CTL = control substrate (no additive); PBE2 = pine bark extract (2% DM); PBE4 = pine bark extract (4% DM); QTE2 = quebracho extract (2% DM); QTE4 = quebracho extract (4% DM). SEM = standard error of the mean. A−C Different letters in the same row indicate significant differences (p < 0.05). The p-values are presented for the overall treatment effects and for orthogonal contrasts: 1 (CTL vs. plant extracts); 2 (PBE vs. QTE); and 3 (concentration of plant extracts at 0% DM vs. 2% DM vs. 4% DM).

The net GP (mL) at 6 h was lower (p < 0.001) with PBE at 2 and 4% DM. At 12 h, it decreased (p = 0.003) with PBE (2 and 4% DM) and QTE (4% DM), but at 24 h, there were no differences (p = 0.130). The GP (mL g−1 incubated DM) response was similar to IVDMD, with a reduction at 6 h of incubation (p = 0.011) with PBE (4% DM) and at 12 h (p = 0.002) with PBE and QTE (4% DM). However, no differences (p = 0.743) were recorded at 24 h. The GY (mL g−1 degraded DM) was only decreased (p = 0.027) at 6 h with PBE (4% DM). There were no differences at 12 and 24 h between treatments (p = 0.279 and p = 0.369, respectively).

At 6 and 12 h of incubation, the net CH4 production (mg) was lower (p < 0.001) in PBE at 2 and 4% DM, whereas at 24 h, it decreased (p < 0.001) with PBE (2 and 4% DM) and QTE (4% DM). Furthermore, the ratio of mg CH4 mL−1 gas was reduced (p ≤ 0.038) with PBE (4% DM) at 6, 12 and 24 h. The CH4 production (mg g−1 incubated DM) was decreased by PBE (4% DM) at 6 and 12 h of incubation (p = 0.019 and p = 0.007, respectively), whereas at 24 h, it was lower (p < 0.001) with PBE (4% DM) and with QTE (2 and 4% DM). However, the in vitro CH4 yield (mg g−1 degraded DM) was reduced (p = 0.023) with PBE (4% DM) at 6 h but was unaffected (p ≥ 0.199) at 12 and 24 h.

3.3. In Vitro Ruminal Fermentation Parameters

The in vitro NH3-N production (mg dL−1) decreased (p = 0.006) with PBE (2 and 4% DM) and QTE (4% DM) at 24 h of incubation (Table 4).
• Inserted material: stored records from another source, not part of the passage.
(* Let $p$ be a prime, $a,b$ positive integers, $\tau\in\mathbb{Z}$, and $\alpha,\beta\ge0$ integers such that $p^\beta$ exactly divides $\gcd(a,b)$ (i.e. $p^\beta\mid\gcd(a,b)$ but $p^{\beta+1}\nmid\gcd(a,b)$) and $p^\alpha\mid a+b$. Then $p^{\alpha-\beta}$ divides $$\binom{a\tau+a-1}{a}\binom{b\tau+b}{b},$$ i.e. the $p$-adic valuation of this product is at least $\alpha-\beta$.
   Context: For integers $b\geq 0$ and $a\in\mathbb{Z}$ the binomial coefficient is defined by: $\binom{a}{b}=1$ if $b=0$; $\binom{a}{b}$ is the usual binomial coefficient if $b\geq 1$ and $a\geq 0$; and $\binom{a}{b}=(-1)^b\binom{-a+b-1}{b}$ if $b\geq1$ and $a<0$. *)

theory Defs
  imports "HOL-Computational_Algebra.Primes"
begin

definition gen_binom :: "int \<Rightarrow> nat \<Rightarrow> int" where
  "gen_binom a b =
     (if b = 0 then 1
      else if a \<ge> 0 then int (nat a choose b)
      else (-1) ^ b * int (nat (- a + int b - 1) choose b))"

end

theory Submission
  imports Defs Complex_Main
begin

text \<open>Multiplying out the factorial, the \<open>p\<close>-adic valuation of \<open>binom (y + n) n\<close> is, by Legendre's
  count of the multiples of \<open>p^j\<close> among the consecutive factors \<open>y + 1, ..., y + n\<close>, the number of
  \<open>j \<ge> 1\<close> for which the residues of \<open>y\<close> and \<open>n\<close> modulo \<open>p^j\<close> add up to at least \<open>p^j\<close> (Kummer).
  The two binomials of the theorem have \<open>y = a\<tau> - 1\<close> and \<open>y = b\<tau>\<close>, whose sum plus one is \<open>(a + b)\<tau>\<close>.
  For \<open>\<beta> < j \<le> \<alpha>\<close> the modulus \<open>q = p^j\<close> divides \<open>a + b\<close> but not \<open>a\<close> (else it would divide
  \<open>gcd a b\<close>), so the residues of \<open>a, b\<close> add up to \<open>q\<close> and those of \<open>a\<tau> - 1, b\<tau>\<close> to \<open>q - 1\<close>.
  The four residues total \<open>2q - 1\<close>, so at least one of the two additions carries, and each of
  these \<open>\<alpha> - \<beta>\<close> values of \<open>j\<close> contributes to the valuation of the product.\<close>

lemma of_int_gen_binom: "(of_int (gen_binom x n) :: 'a :: field_char_0) = of_int x gchoose n"
proof (cases "n = 0 \<or> x \<ge> 0")
  case True
  then show ?thesis
    by (auto simp: gen_binom_def binomial_gbinomial)
next
  case False
  then have "(of_int (gen_binom x n) :: 'a) = (-1) ^ n * (of_nat n - of_int x - 1 gchoose n)"
    by (simp add: gen_binom_def binomial_gbinomial)
  also have "\<dots> = of_int x gchoose n"
    by (rule gbinomial_negated_upper[symmetric])
  finally show ?thesis .
qed

lemma fact_mult_gen_binom: "int (fact n) * gen_binom x n = (\<Prod>i<n. x - int i)"
proof -
  have "(of_int (int (fact n) * gen_binom x n) :: rat) = fact n * (of_int x gchoose n)"
    by (simp add: of_int_gen_binom)
  also have "\<dots> = of_int (\<Prod>i<n. x - int i)"
    by (simp add: gbinomial_mult_fact lessThan_atLeast0)
  finally show ?thesis
    by (simp only: of_int_eq_iff)
qed

lemma div_diff_div_pred:
  fixes y q :: int
  assumes "q > 0"
  shows "y div q - (y - 1) div q = (if q dvd y then 1 else 0)"
proof (cases "q dvd y")
  case True
  then obtain k where "y = k * q"
    by (metis dvd_def mult.commute)
  moreover have "(-1 + k * q) div q = k - 1"
    using assms by (simp only: div_mult_self1) (simp add: div_eq_minus1)
  ultimately show ?thesis
    using assms by simp
next
  case False
  then have "y mod q \<noteq> 0"
    by (simp add: dvd_eq_mod_eq_0)
  then have "0 \<le> y mod q - 1" and "y mod q - 1 < q"
    using pos_mod_sign[OF assms, of y] pos_mod_bound[OF assms, of y] by linarith+
  have "y - 1 = (y mod q - 1) + y div q * q"
    by simp
  then have "(y - 1) div q = (y mod q - 1 + y div q * q) div q"
    by (rule arg_cong)
  also have "\<dots> = y div q + (y mod q - 1) div q"
    by (rule div_mult_self1) (use assms in simp)
  also have "\<dots> = y div q"
    using \<open>0 \<le> y mod q - 1\<close> \<open>y mod q - 1 < q\<close> by simp
  finally show ?thesis
    using False by simp
qed

lemma card_dvd_diff_lessThan:
  fixes q m :: int
  assumes "q > 0"
  shows "int (card {i \<in> {..<n}. q dvd m - int i}) = m div q - (m - int n) div q"
proof (induction n)
  case 0
  then show ?case by simp
next
  case (Suc n)
  have "{i \<in> {..<Suc n}. q dvd m - int i} =
        (if q dvd m - int n then insert n else id) {i \<in> {..<n}. q dvd m - int i}"
    by (auto simp: less_Suc_eq)
  then have "int (card {i \<in> {..<Suc n}. q dvd m - int i}) =
             int (card {i \<in> {..<n}. q dvd m - int i}) + (if q dvd m - int n then 1 else 0)"
    by simp
  then show ?case
    using Suc div_diff_div_pred[OF assms, of "m - int n"] by (simp add: algebra_simps)
qed

lemma multiplicity_le_nat_abs:
  fixes p x :: int
  assumes "prime p" "x \<noteq> 0"
  shows "multiplicity p x \<le> nat \<bar>x\<bar>"
proof -
  define v where "v = multiplicity p x"
  have "int v < 2 ^ v"
    by (metis less_exp of_nat_less_iff of_nat_numeral of_nat_power)
  also have "\<dots> \<le> p ^ v"
    using prime_ge_2_int[OF assms(1)] by (intro power_mono) auto
  also have "\<dots> \<le> \<bar>x\<bar>"
    using dvd_imp_le_int[OF assms(2) multiplicity_dvd[of p x]] prime_gt_0_int[OF assms(1)]
    by (simp add: v_def)
  finally show ?thesis
    by (simp add: v_def)
qed

lemma multiplicity_eq_card_power_dvd:
  fixes p x :: "'a :: factorial_semiring"
  assumes "x \<noteq> 0" "\<not> is_unit p" "multiplicity p x \<le> M"
  shows "multiplicity p x = card {j \<in> {1..M}. p ^ j dvd x}"
proof -
  have "{j \<in> {1..M}. p ^ j dvd x} = {j \<in> {1..M}. j \<le> multiplicity p x}"
    by (simp only: power_dvd_iff_le_multiplicity[OF assms(1,2)])
  also have "\<dots> = {1..multiplicity p x}"
    using assms(3) by auto
  finally show ?thesis
    by simp
qed

lemma multiplicity_falling_prod:
  fixes p m :: int
  assumes p: "prime p" and nonzero: "(\<Prod>i<n. m - int i) \<noteq> 0"
    and bounds: "\<bar>m\<bar> \<le> int M" "\<bar>m - int n\<bar> \<le> int M"
  shows "int (multiplicity p (\<Prod>i<n. m - int i)) = (\<Sum>j=1..M. m div p ^ j - (m - int n) div p ^ j)"
proof -
  have card_as_sum: "card {x \<in> A. P x} = (\<Sum>x\<in>A. if P x then 1 else 0)"
    if "finite A" for A :: "nat set" and P
    using that by (simp add: sum.inter_filter[symmetric])
  have factor_nonzero: "m - int i \<noteq> 0" if "i < n" for i
    using nonzero that by auto
  have "multiplicity p (\<Prod>i<n. m - int i) = (\<Sum>i<n. multiplicity p (m - int i))"
    using prime_imp_prime_elem[OF p] factor_nonzero
    by (intro prime_elem_multiplicity_prod_distrib) auto
  also have "\<dots> = (\<Sum>i<n. card {j \<in> {1..M}. p ^ j dvd m - int i})"
  proof (intro sum.cong refl)
    fix i assume "i \<in> {..<n}"
    then have "multiplicity p (m - int i) \<le> M"
      using multiplicity_le_nat_abs[OF p factor_nonzero] bounds by fastforce
    then show "multiplicity p (m - int i) = card {j \<in> {1..M}. p ^ j dvd m - int i}"
      using \<open>i \<in> {..<n}\<close> p factor_nonzero not_prime_unit
      by (intro multiplicity_eq_card_power_dvd) auto
  qed
  also have "\<dots> = (\<Sum>i<n. \<Sum>j=1..M. if p ^ j dvd m - int i then 1 else 0)"
    by (intro sum.cong refl card_as_sum) simp
  also have "\<dots> = (\<Sum>j=1..M. \<Sum>i<n. if p ^ j dvd m - int i then 1 else 0)"
    by (rule sum.swap)
  also have "\<dots> = (\<Sum>j=1..M. card {i \<in> {..<n}. p ^ j dvd m - int i})"
    by (intro sum.cong refl card_as_sum[symmetric]) simp
  finally have "int (multiplicity p (\<Prod>i<n. m - int i)) =
      (\<Sum>j=1..M. int (card {i \<in> {..<n}. p ^ j dvd m - int i}))"
    by simp
  also have "\<dots> = (\<Sum>j=1..M. m div p ^ j - (m - int n) div p ^ j)"
    using prime_gt_0_int[OF p] by (intro sum.cong refl card_dvd_diff_lessThan) simp
  finally show ?thesis .
qed

definition carry :: "int \<Rightarrow> int \<Rightarrow> int \<Rightarrow> int" where
  "carry q u v = (u mod q + v mod q) div q"

lemma carry_nonneg: "q > 0 \<Longrightarrow> carry q u v \<ge> 0"
  by (simp add: carry_def pos_imp_zdiv_nonneg_iff)

lemma carry_pos_iff: "q > 0 \<Longrightarrow> carry q u v > 0 \<longleftrightarrow> q \<le> u mod q + v mod q"
  by (simp add: carry_def pos_imp_zdiv_pos_iff)

lemma multiplicity_gen_binom:
  fixes p y :: int
  assumes p: "prime p" and nonzero: "gen_binom (y + int n) n \<noteq> 0"
    and bound: "\<bar>y\<bar> + int n \<le> int M"
  shows "int (multiplicity p (gen_binom (y + int n) n)) = (\<Sum>j=1..M. carry (p ^ j) y (int n))"
proof -
  let ?B = "gen_binom (y + int n) n"
  have "gen_binom (int n) n = 1"
    by (simp add: gen_binom_def)
  then have fact_falling: "int (fact n) = (\<Prod>i<n. int n - int i)"
    using fact_mult_gen_binom[of n "int n"] by simp
  have "int (multiplicity p (int (fact n))) = (\<Sum>j=1..M. int n div p ^ j)"
    unfolding fact_falling using p bound by (subst multiplicity_falling_prod) auto
  moreover have "int (multiplicity p (int (fact n) * ?B)) =
      (\<Sum>j=1..M. (y + int n) div p ^ j - y div p ^ j)"
    unfolding fact_mult_gen_binom using p nonzero bound
    by (subst multiplicity_falling_prod) (auto simp flip: fact_mult_gen_binom)
  moreover have "multiplicity p (int (fact n) * ?B) = multiplicity p (int (fact n)) + multiplicity p ?B"
    using p nonzero by (intro prime_elem_multiplicity_mult_distrib) auto
  ultimately have "int (multiplicity p ?B) =
      (\<Sum>j=1..M. (y + int n) div p ^ j - y div p ^ j - int n div p ^ j)"
    by (simp add: sum_subtractf)
  also have "\<dots> = (\<Sum>j=1..M. carry (p ^ j) y (int n))"
    by (intro sum.cong refl) (simp add: carry_def div_add1_eq[of y "int n"])
  finally show ?thesis .
qed

lemma one_le_carry_add_carry:
  fixes q u v a b :: int
  assumes q: "q > 0" and "q dvd u + v + 1" "q dvd a + b" "\<not> q dvd a"
  shows "carry q u a + carry q v b \<ge> 1"
proof -
  have eq_q: "z = q" if "q dvd z" "0 < z" "z < 2 * q" for z
  proof -
    obtain k where "z = q * k"
      using \<open>q dvd z\<close> ..
    with that q have "0 < k" "k < 2"
      by (simp_all add: zero_less_mult_iff)
    with \<open>z = q * k\<close> show ?thesis
      by simp
  qed
  have residues: "0 \<le> x mod q" "x mod q < q" for x
    using q by simp_all
  have "a mod q \<noteq> 0"
    using assms(4) by (simp add: dvd_eq_mod_eq_0)
  then have "0 < a mod q"
    using residues[of a] by linarith
  moreover have "q dvd a mod q + b mod q"
    using assms(3) by (simp add: dvd_eq_mod_eq_0 mod_simps)
  ultimately have ab: "a mod q + b mod q = q"
    using residues[of a] residues[of b] by (intro eq_q) linarith+
  have "(u mod q + v mod q + 1) mod q = (u + v + 1) mod q"
    by (metis mod_add_eq mod_add_left_eq)
  then have "q dvd u mod q + v mod q + 1"
    using assms(2) by (simp add: dvd_eq_mod_eq_0)
  then have uv: "u mod q + v mod q + 1 = q"
    using residues[of u] residues[of v] by (intro eq_q) linarith+
  from ab uv have "0 < carry q u a \<or> 0 < carry q v b"
    unfolding carry_pos_iff[OF q] by linarith
  then show ?thesis
    using carry_nonneg[OF q, of u a] carry_nonneg[OF q, of v b] by linarith
qed

lemma one_le_carries_above_gcd_valuation:
  fixes p a b \<tau> :: int
  assumes p: "p > 0" and gcd: "\<not> p ^ (\<beta> + 1) dvd gcd a b" and sum: "p ^ \<alpha> dvd a + b"
    and j: "\<beta> < j" "j \<le> \<alpha>"
  shows "carry (p ^ j) (a * \<tau> - 1) a + carry (p ^ j) (b * \<tau>) b \<ge> 1"
proof (rule one_le_carry_add_carry)
  show "p ^ j dvd a + b"
    using sum j(2) by (meson dvd_trans le_imp_power_dvd)
  then show "p ^ j dvd a * \<tau> - 1 + b * \<tau> + 1"
    by (simp add: distrib_right[symmetric])
  show "\<not> p ^ j dvd a"
  proof
    assume "p ^ j dvd a"
    with \<open>p ^ j dvd a + b\<close> have "p ^ j dvd gcd a b"
      by (simp add: dvd_add_right_iff)
    moreover have "p ^ (\<beta> + 1) dvd p ^ j"
      using j(1) by (intro le_imp_power_dvd) simp
    ultimately show False
      using gcd dvd_trans by blast
  qed
qed (use p in simp)

lemma int_diff_le_sum_atLeastAtMost:
  fixes f :: "nat \<Rightarrow> int"
  assumes "\<And>j. f j \<ge> 0" and "\<And>j. \<beta> < j \<Longrightarrow> j \<le> \<alpha> \<Longrightarrow> f j \<ge> 1" and "\<alpha> \<le> M"
  shows "int (\<alpha> - \<beta>) \<le> (\<Sum>j=1..M. f j)"
proof -
  have "int (\<alpha> - \<beta>) = (\<Sum>j\<in>{\<beta><..\<alpha>}. 1)"
    by simp
  also have "\<dots> \<le> (\<Sum>j\<in>{\<beta><..\<alpha>}. f j)"
    using assms(2) by (intro sum_mono) simp
  also have "\<dots> \<le> (\<Sum>j=1..M. f j)"
    using assms(1,3) by (intro sum_mono2) auto
  finally show ?thesis .
qed

theorem lemma4p1:
  fixes p :: nat and a b \<tau> :: int and \<alpha> \<beta> :: nat
  assumes "prime p" and "a > 0" and "b > 0"
    and "(int p) ^ \<beta> dvd gcd a b" and "\<not> (int p) ^ (\<beta> + 1) dvd gcd a b"
    and "(int p) ^ \<alpha> dvd a + b"
  shows "(int p) ^ (\<alpha> - \<beta>) dvd
           gen_binom (a * \<tau> + a - 1) (nat a) * gen_binom (b * \<tau> + b) (nat b)"
proof -
  let ?A = "gen_binom (a * \<tau> - 1 + int (nat a)) (nat a)"
  let ?B = "gen_binom (b * \<tau> + int (nat b)) (nat b)"
  define M where "M = nat (\<bar>a * \<tau> - 1\<bar> + \<bar>b * \<tau>\<bar> + a + b + int \<alpha>)"
  have bounds: "\<bar>a * \<tau> - 1\<bar> + int (nat a) \<le> int M" "\<bar>b * \<tau>\<bar> + int (nat b) \<le> int M" "\<alpha> \<le> M"
    using assms(2,3) by (simp_all add: M_def)
  have p: "prime (int p)" "int p > 0"
    using assms(1) by (simp_all add: prime_gt_0_nat)
  \<comment> \<open>Only \<open>p^(\<beta>+1) \<not>| gcd a b\<close> is needed.\<close>
  have "int p ^ (\<alpha> - \<beta>) dvd ?A * ?B"
  proof (cases "?A = 0 \<or> ?B = 0")
    case False
    have "int (\<alpha> - \<beta>) \<le> (\<Sum>j=1..M. carry (int p ^ j) (a * \<tau> - 1) a + carry (int p ^ j) (b * \<tau>) b)"
      using one_le_carries_above_gcd_valuation[OF p(2) assms(5,6)] carry_nonneg p(2) bounds(3)
      by (intro int_diff_le_sum_atLeastAtMost) (auto simp: add_nonneg_nonneg)
    also have "\<dots> = int (multiplicity (int p) ?A) + int (multiplicity (int p) ?B)"
      using multiplicity_gen_binom[OF p(1) _ bounds(1)] multiplicity_gen_binom[OF p(1) _ bounds(2)]
        False assms(2,3) by (simp add: sum.distrib)
    also have "\<dots> = int (multiplicity (int p) (?A * ?B))"
      using False p(1) by (simp add: prime_elem_multiplicity_mult_distrib)
    finally show ?thesis
      by (intro multiplicity_dvd') simp
  qed auto
  then show ?thesis
    using assms(2,3) by (simp add: algebra_simps)
qed

end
Incubation pH was lower (p = 0.031) for QTE as compared to PBE (4% DM), but did not differ from CTL, whereas the PF24 (mg degraded DM mL−1 gas) was unaffected (p = 0.095) by the extracts. Total VFA (mM) production decreased (p < 0.001) with PBE (2 and 4% DM) and QTE (4% DM), but in different magnitudes. Butyrate proportion (%) decreased (p = 0.001) with PBE (4% DM) and QTE (2 and 4% DM), acetate (%) increased (p = 0.003) with PBE and QTE at 4% DM, and propionate (%) increased (p = 0.016) only with 4% DM of QTE. The acetate-to-propionate (Ac/Pr) ratio was greater (p = 0.017) with 4% DM of PBE than with 2 and 4% DM of QTE, although they did not differ from CTL, whereas the sum of the acetate-and-butyrate-to-propionate ((Ac + Bu)/Pr) ratio was decreased (p = 0.003) with QTE (2 and 4% DM) compared to the CTL.

Table 4

Effect of pine bark (PBE) and quebracho (QTE) extracts at different concentrations on in vitro ruminal fermentation parameters after 24 h of incubation.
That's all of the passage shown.